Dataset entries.
═══
(* Let $\mathbb{K}$ be an algebraically closed field of characteristic zero, let $Y$ be an affine factorial variety over $\mathbb{K}$, and let $f\in\mathbb{K}[Y]$ be non-constant with $f=p_1^{a_1}\cdots p_s^{a_s}$, where $p_1,\dots,p_s$ are pairwise non-associated prime elements of $\mathbb{K}[Y]$ and $a_i\in\mathbb{Z}_{>0}$. Let $X=\{uv=f\}\subseteq\mathbb{A}^2_{u,v}\times Y$. Then the divisor class group satisfies $\operatorname{Cl}(X)\cong\mathbb{Z}^s/\langle\omega\rangle$, where $\omega=(a_1,\dots,a_s)$. *)

theory Defs
  imports "HOL-Algebra.Coset" "HOL-Computational_Algebra.Polynomial"
    "HOL-Computational_Algebra.Factorial_Ring"
begin

definition alg_closed_field :: "('k::field) itself \<Rightarrow> bool" where
  "alg_closed_field _ \<longleftrightarrow> (\<forall>p :: 'k poly. degree p \<ge> 1 \<longrightarrow> (\<exists>x. poly p x = 0))"

definition unital_ring_hom :: "('a::ring_1 \<Rightarrow> 'b::ring_1) \<Rightarrow> bool" where
  "unital_ring_hom \<phi> \<longleftrightarrow> \<phi> 1 = 1 \<and> (\<forall>x y. \<phi> (x + y) = \<phi> x + \<phi> y) \<and>
     (\<forall>x y. \<phi> (x * y) = \<phi> x * \<phi> y)"

inductive_set alg_span :: "('k \<Rightarrow> 'r::ring_1) \<Rightarrow> 'r set \<Rightarrow> 'r set"
  for \<phi> S where
  scalar: "\<phi> c \<in> alg_span \<phi> S"
| gen: "x \<in> S \<Longrightarrow> x \<in> alg_span \<phi> S"
| add: "x \<in> alg_span \<phi> S \<Longrightarrow> y \<in> alg_span \<phi> S \<Longrightarrow> x + y \<in> alg_span \<phi> S"
| mult: "x \<in> alg_span \<phi> S \<Longrightarrow> y \<in> alg_span \<phi> S \<Longrightarrow> x * y \<in> alg_span \<phi> S"

definition finitely_generated_algebra :: "('k::field \<Rightarrow> 'r::ring_1) \<Rightarrow> bool" where
  "finitely_generated_algebra \<phi> \<longleftrightarrow>
     unital_ring_hom \<phi> \<and> (\<exists>S. finite S \<and> alg_span \<phi> S = UNIV)"

definition prime_element :: "'r::comm_ring_1 \<Rightarrow> bool" where
  "prime_element p \<longleftrightarrow> p \<noteq> 0 \<and> \<not> p dvd 1 \<and> (\<forall>x y. p dvd x * y \<longrightarrow> p dvd x \<or> p dvd y)"

definition factorial_domain :: "('r::idom) itself \<Rightarrow> bool" where
  "factorial_domain _ \<longleftrightarrow> (\<forall>x :: 'r. x \<noteq> 0 \<and> \<not> x dvd 1 \<longrightarrow>
      (\<exists>ps. (\<forall>p\<in>set ps. prime_element p) \<and> x = prod_list ps))"

definition tc_ideal :: "('b::comm_ring_1) set \<Rightarrow> bool" where
  "tc_ideal J \<longleftrightarrow> 0 \<in> J \<and> (\<forall>x\<in>J. \<forall>y\<in>J. x + y \<in> J) \<and> (\<forall>x\<in>J. \<forall>r. r * x \<in> J)"

definition tc_prime_ideal :: "('b::comm_ring_1) set \<Rightarrow> bool" where
  "tc_prime_ideal P \<longleftrightarrow> tc_ideal P \<and> P \<noteq> UNIV \<and> (\<forall>x y. x * y \<in> P \<longrightarrow> x \<in> P \<or> y \<in> P)"

definition ideal_gen :: "('b::comm_ring_1) set \<Rightarrow> 'b set" where
  "ideal_gen S = \<Inter> {J. tc_ideal J \<and> S \<subseteq> J}"

fun ideal_pow :: "('b::comm_ring_1) set \<Rightarrow> nat \<Rightarrow> 'b set" where
  "ideal_pow P 0 = UNIV"
| "ideal_pow P (Suc n) = ideal_gen {x * y | x y. x \<in> P \<and> y \<in> ideal_pow P n}"

text \<open>Throughout, the coordinate ring of X is A = B/I with I a prime ideal of B.
  Ideals of A correspond to ideals of B containing I. A height-one prime of A
  corresponds to a prime P of B with I strictly contained in P and no prime strictly between.\<close>

definition height_one_primes_mod :: "('b::comm_ring_1) set \<Rightarrow> 'b set set" where
  "height_one_primes_mod I = {P. tc_prime_ideal P \<and> I \<subset> P \<and>
      \<not> (\<exists>Q. tc_prime_ideal Q \<and> I \<subset> Q \<and> Q \<subset> P)}"

text \<open>Valuation of the class of g in A along the prime divisor P/I:
  the largest n with g in the n-th symbolic power of P/I, i.e. g in (P/I)^n A_{P/I}.\<close>
definition valuation_mod :: "('b::comm_ring_1) set \<Rightarrow> 'b set \<Rightarrow> 'b \<Rightarrow> int" where
  "valuation_mod I P g = int (GREATEST n. \<exists>s. s \<notin> P \<and> s * g \<in> {x + y | x y. x \<in> ideal_pow P n \<and> y \<in> I})"

definition div_mod :: "('b::comm_ring_1) set \<Rightarrow> 'b \<Rightarrow> ('b set \<Rightarrow> int)" where
  "div_mod I g = (\<lambda>P. if P \<in> height_one_primes_mod I then valuation_mod I P g else 0)"

definition weil_divisors_mod :: "('b::comm_ring_1) set \<Rightarrow> ('b set \<Rightarrow> int) monoid" where
  "weil_divisors_mod I = \<lparr>carrier = {D. finite {P. D P \<noteq> 0} \<and> {P. D P \<noteq> 0} \<subseteq> height_one_primes_mod I},
     monoid.mult = (\<lambda>D E P. D P + E P), one = (\<lambda>P. 0)\<rparr>"

text \<open>Principal divisors div(a/b) = div(a) - div(b) for nonzero a, b in A.\<close>
definition principal_divisors_mod :: "('b::comm_ring_1) set \<Rightarrow> ('b set \<Rightarrow> int) set" where
  "principal_divisors_mod I = {(\<lambda>P. div_mod I a P - div_mod I b P) | a b. a \<notin> I \<and> b \<notin> I}"

definition class_group_mod :: "('b::comm_ring_1) set \<Rightarrow> ('b set \<Rightarrow> int) set monoid" where
  "class_group_mod I = weil_divisors_mod I Mod principal_divisors_mod I"

text \<open>K[Y][u,v] is represented as ('r poly) poly: the inner variable is u, the outer is v.
  The element uv - f is [:[:-f:], [:0,1:]:] (coefficient of v^0 is -f, of v^1 is u).\<close>
definition uv_minus :: "'r::comm_ring_1 \<Rightarrow> 'r poly poly" where
  "uv_minus f = [:[:-f:], [:0, 1:]:]"

definition X_ideal :: "'r::comm_ring_1 \<Rightarrow> 'r poly poly set" where
  "X_ideal f = ideal_gen {uv_minus f}"

definition Zpow :: "nat \<Rightarrow> (nat \<Rightarrow> int) monoid" where
  "Zpow s = \<lparr>carrier = {x. \<forall>i\<ge>s. x i = 0}, monoid.mult = (\<lambda>x y i. x i + y i), one = (\<lambda>i. 0)\<rparr>"

definition cyclic_sub :: "nat \<Rightarrow> (nat \<Rightarrow> int) \<Rightarrow> (nat \<Rightarrow> int) set" where
  "cyclic_sub s w = {(\<lambda>i. if i < s then k * w i else 0) | k. True}"

end

(*
  Write B = R[u,v] for the factorial ring R and A = B/(uv - f).  Inverting u identifies A with
  a subring of R[u, 1/u], so every height-one prime of A not containing u is the extension of a
  height-one prime of the factorial ring R[u]; there the local rings are discrete valuation rings
  with explicit uniformizers, and every divisor supported away from u = 0 is principal.  The
  height-one primes containing u are exactly the K_i = (u, p_i), seen in the chart where v is
  inverted, and div(u) = a_1 K_1 + ... + a_s K_s.  Hence the K_i generate Cl(A), and a
  combination of the K_i is principal exactly when it is an integer multiple of div(u): a
  rational function whose divisor avoids all primes not containing u is, in the factorial ring
  R[u], a constant times a power of u.
*)
theory Submission
  imports Defs "HOL-Computational_Algebra.Field_as_Ring"
    "HOL-Computational_Algebra.Polynomial_Factorial"
begin

text \<open>The fraction field of an arbitrary domain is made a Euclidean ring with gcd, as
  Field_as_Ring does for the rationals; polynomials over it then form a factorial ring.\<close>

instantiation fract :: (idom)
  "{unique_euclidean_ring, normalization_euclidean_semiring, normalization_semidom_multiplicative}"
begin
definition [simp]: "normalize_fract = (normalize_field :: 'a fract \<Rightarrow> _)"
definition [simp]: "unit_factor_fract = (unit_factor_field :: 'a fract \<Rightarrow> _)"
definition [simp]: "modulo_fract = (mod_field :: 'a fract \<Rightarrow> _)"
definition [simp]: "euclidean_size_fract = (euclidean_size_field :: 'a fract \<Rightarrow> _)"
definition [simp]: "division_segment (x :: 'a fract) = 1"
instance
  by standard (simp_all add: dvd_field_iff field_split_simps split: if_splits)
end

instantiation fract :: (idom) euclidean_ring_gcd
begin
definition gcd_fract :: "'a fract \<Rightarrow> 'a fract \<Rightarrow> 'a fract" where
  "gcd_fract = Euclidean_Algorithm.gcd"
definition lcm_fract :: "'a fract \<Rightarrow> 'a fract \<Rightarrow> 'a fract" where
  "lcm_fract = Euclidean_Algorithm.lcm"
definition Gcd_fract :: "'a fract set \<Rightarrow> 'a fract" where
  "Gcd_fract = Euclidean_Algorithm.Gcd"
definition Lcm_fract :: "'a fract set \<Rightarrow> 'a fract" where
  "Lcm_fract = Euclidean_Algorithm.Lcm"
instance by standard (simp_all add: gcd_fract_def lcm_fract_def Gcd_fract_def Lcm_fract_def)
end

instance fract :: (idom) field_gcd ..


lemma tc_idealD:
  assumes "tc_ideal J"
  shows "0 \<in> J" "x \<in> J \<Longrightarrow> y \<in> J \<Longrightarrow> x + y \<in> J" "x \<in> J \<Longrightarrow> r * x \<in> J"
    "x \<in> J \<Longrightarrow> x * r \<in> J" "x \<in> J \<Longrightarrow> - x \<in> J" "x \<in> J \<Longrightarrow> y \<in> J \<Longrightarrow> x - y \<in> J"
proof -
  have mult: "\<And>x r. x \<in> J \<Longrightarrow> r * x \<in> J" and add: "\<And>x y. x \<in> J \<Longrightarrow> y \<in> J \<Longrightarrow> x + y \<in> J"
    using assms unfolding tc_ideal_def by blast+
  show "0 \<in> J" using assms unfolding tc_ideal_def by blast
  show "x \<in> J \<Longrightarrow> y \<in> J \<Longrightarrow> x + y \<in> J" by (rule add)
  show "x \<in> J \<Longrightarrow> r * x \<in> J" by (rule mult)
  show "x \<in> J \<Longrightarrow> x * r \<in> J" using mult[of x r] by (simp add: mult.commute)
  show "x \<in> J \<Longrightarrow> - x \<in> J" using mult[of x "-1"] by simp
  show "x \<in> J \<Longrightarrow> y \<in> J \<Longrightarrow> x - y \<in> J" using add[of x "- y"] mult[of y "-1"] by simp
qed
═══
What to work on.
From the entries above, show each line that includes the string "else".

Answer box.
  "div_mod I g = (\<lambda>P. if P \<in> height_one_primes_mod I then valuation_mod I P g else 0)"
  "cyclic_sub s w = {(\<lambda>i. if i < s then k * w i else 0) | k. True}"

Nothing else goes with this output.